Combination therapy with Lenvima (lenvatinib) and Keytruda (pembrolizumab) continues to show promising antitumor results in patients with advanced endometrial cancer, the most common cancer of the uterus, according to the final results of the KEYNOTE-146/Study 111 trial.
The combo was generally well-tolerated, and no new safety signals emerged. A Phase 3 confirmatory trial called KEYNOTE-775 (NCT03517449) is underway, with enrollment open at sites in the U.S., Norway and Spain.
The final results were presented at the European Society for Medical Oncology (ESMO) 2019 Congress in Barcelona, Spain, on Sept. 29. Titled “Lenvatinib (LEN) and Pembrolizumab (PEMBRO) in Advanced Endometrial Cancer (EC),” the presentation was given by medical oncologist Vicky Makker of Memorial Sloan Kettering Cancer Center, the study’s principal investigator.
Lenvima-Keytruda was recently approved in the U.S. for the treatment of women with advanced endometrial cancer whose tumors do not carry certain genetic defects, whose disease progressed after prior treatment with systemic therapy, and who are not candidates for curative surgery or radiation. Women may not be prescribed the combination therapy if their tumors are microsatellite instability-high (MSI-H) or mismatch repair deficient (dMMR).
Under Project Orbis, an initiative of the U.S. Food and Drug Administration Oncology Center of Excellence, the Lenvima-Keytruda combination was simultaneously approved in Australia and Canada.
Following its breakthrough therapy designation by the FDA in 2018, marketing authorization was granted under accelerated approval in September 2019. For the combo to maintain this indication, the therapeutic effects would need to be confirmed in further trials.

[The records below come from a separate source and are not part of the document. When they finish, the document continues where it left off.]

lemma nonpos_real_of_norm_1: "norm (w::complex) = 1 \<Longrightarrow> w \<in> \<real>\<^sub>\<le>\<^sub>0 \<Longrightarrow> w = -1"
  by (auto elim!: nonpos_Reals_cases)

lemma minus_divide_notin_nonpos_Reals:
  assumes "z \<in> S1" "x \<in> S1" "x \<noteq> z" shows "- x / z \<notin> \<real>\<^sub>\<le>\<^sub>0"
proof
  assume "- x / z \<in> \<real>\<^sub>\<le>\<^sub>0"
  moreover have "norm (- x / z) = 1" using assms by (simp add: mem_S1_iff norm_divide)
  ultimately have "- x / z = -1" by (rule nonpos_real_of_norm_1[rotated])
  then show False using assms by (auto simp: mem_S1_iff field_simps)
qed

lemma arc_coord_less_pi:
  assumes "z \<in> S1" "x \<in> S1" "x \<noteq> z" shows "arc_coord z x < pi"
proof -
  have "Arg (- x / z) \<noteq> pi"
    using minus_divide_notin_nonpos_Reals[OF assms]
    by (auto simp: Arg_eq_pi_iff complex_nonpos_Reals_iff complex_is_Real_iff)
  then show ?thesis
    using Arg_bounded[of "- x / z"] by (auto simp: arc_coord_def)
qed

lemma continuous_on_arc_coord:
  assumes "z \<in> S1" shows "continuous_on (S1 - {z}) (arc_coord z)"
  unfolding arc_coord_def
proof (intro continuous_intros)
  fix x assume "x \<in> S1 - {z}"
  then show "- x / z \<notin> \<real>\<^sub>\<le>\<^sub>0"
    using assms by (intro minus_divide_notin_nonpos_Reals) auto
qed (use assms in \<open>auto simp: mem_S1_iff\<close>)

lemma norm_cis_diff_le: "norm (cis s - cis t) \<le> \<bar>s - t\<bar>"
proof -
  have "cis s - cis t = cis t * (cis (s - t) - 1)"
    by (simp add: right_diff_distrib cis_mult)
  then have "norm (cis s - cis t) = norm (exp (\<i> * of_real (s - t)) - 1)"
    by (simp add: norm_mult cis_conv_exp)
  also have "\<dots> = 2 * \<bar>sin ((s - t) / 2)\<bar>" by (rule dist_exp_i_1)
  also have "\<dots> \<le> \<bar>s - t\<bar>" using abs_sin_x_le_abs_x[of "(s - t) / 2"] by simp
  finally show ?thesis .
qed

lemma dist_arc_point_le: "z \<in> S1 \<Longrightarrow> dist (arc_point z s) (arc_point z t) \<le> \<bar>s - t\<bar>"
  using norm_cis_diff_le[of s t]
  by (simp add: arc_point_def dist_norm mem_S1_iff norm_mult norm_minus_commute
      flip: right_diff_distrib)

lemma continuous_arc_point: "continuous_on UNIV (arc_point z)"
  unfolding arc_point_def by (intro continuous_intros)

lemma mem_connected_if_arc_coord_between:
  assumes "z \<in> S1" "A \<subseteq> S1 - {z}" "connected A" "a \<in> A" "a' \<in> A" "x \<in> S1"
    and "arc_coord z a \<le> arc_coord z x" "arc_coord z x \<le> arc_coord z a'"
  shows "x \<in> A"
proof -
  have "connected (arc_coord z ` A)"
    using assms
    by (intro connected_continuous_image continuous_on_subset[OF continuous_on_arc_coord])
  then have "arc_coord z x \<in> arc_coord z ` A"
    using assms connectedD_interval[of "arc_coord z ` A" "arc_coord z a" "arc_coord z a'"] by blast
  then show ?thesis
    using assms inj_on_arc_coord[of z] by (auto dest: inj_onD)
qed

definition roots_of_unity :: "nat \<Rightarrow> complex set" where
  "roots_of_unity m = (\<lambda>j. cis (2 * pi * real j / real m)) ` {..<m}"

lemma finite_roots_of_unity: "finite (roots_of_unity m)"
  by (simp add: roots_of_unity_def)

lemma card_roots_of_unity_le: "card (roots_of_unity m) \<le> m"
  unfolding roots_of_unity_def using card_image_le[of "{..<m}"] by simp

lemma one_in_roots_of_unity: "m > 0 \<Longrightarrow> 1 \<in> roots_of_unity m"
  unfolding roots_of_unity_def by (rule image_eqI[of _ _ 0]) auto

The approval was based on data from KEYNOTE-146/Study 111 (NCT02501096), a Phase 1b/2, multicenter, open-label trial that enrolled 108 patients with metastatic — spread to other parts in the body — endometrial cancer, who were previously treated by at least one systemic therapy.
During the trial, participants were treated with Lenvima capsules, 20 mg once per day, and injected into the vein with Keytruda 200 mg, every three weeks. The median follow-up was 18.7 months.
Among the 108 patients, 94 had tumors that were not MSI-H or dMMR, 11 had tumors that were MSI-H or dMMR, and three had tumors of unknown status.
Results showed that at 24 weeks, 41 patients in total (38% of participants) had experienced a reduction in tumor size, regardless of the genetic status of their tumors (MSI-H/dMMR positive or not). At data cut-off in January 2019, eight women (7.4%) had a complete response — that is, their tumors completely disappeared to undetectable levels. Overall, responses lasted for a median of 21.2 months.
Among participants whose cancers had MSI-H or dMMR status (off-label indication), the tumors shrunk in seven out of 11 patients (63.6%) at week 24. At data cutoff, one of these women had experienced a complete disappearance of the cancer. Response duration was the same as in the overall population.
The median time participants lived without getting worse, called progression-free survival, was 18.9 months. The women’s median overall survival was not reached — meaning more than half of the patients were still alive.
Among patients whose tumors were not MSI-H or dMMR, 34 women (36.2%) experienced a response to the combination at week 24, and 7.4% had a complete response. The median progression-free survival was 5.4 months, while patients lived without cancer growth for a median of 16.4 months.
As to safety, adverse events related to treatment occurred in 105 out of 108 patients (97%). Most adverse events — 90% — were mild to severe, while 7% were life-threatening or associated with death. The most common treatment-related adverse events, serious or worse, were hypertension (32%), fatigue (8%), and diarrhea (7%).
These side effects led to treatment interruption of Keytruda, Lenvima, or both in 78 patients, and to tapering of Lenvima’s dose in 70 women.
“The results of this Keytruda plus Lenvima study are a welcome development in the treatment of women with advanced endometrial cancer, a patient group with an unmet medical need,” Makker, the ESMO presenter, said in a press release.
Lenvima is an inhibitor of specific cellular enzymes known as kinases, which are associated with blood vessel formation, tumor growth, and progression. It is sold by Eisai and approved, on its own or in combination, to treat certain types of thyroid, kidney, and liver cancer, as well as endometrial cancer.
Keytruda is an anti-PD-1 therapy sold by Merck (known as MSD outside the U.S. and Canada) and approved for the treatment of multiple solid and blood cancers. It is an immunotherapy that works by increasing the ability of the body’s immune system to help detect and fight tumor cells.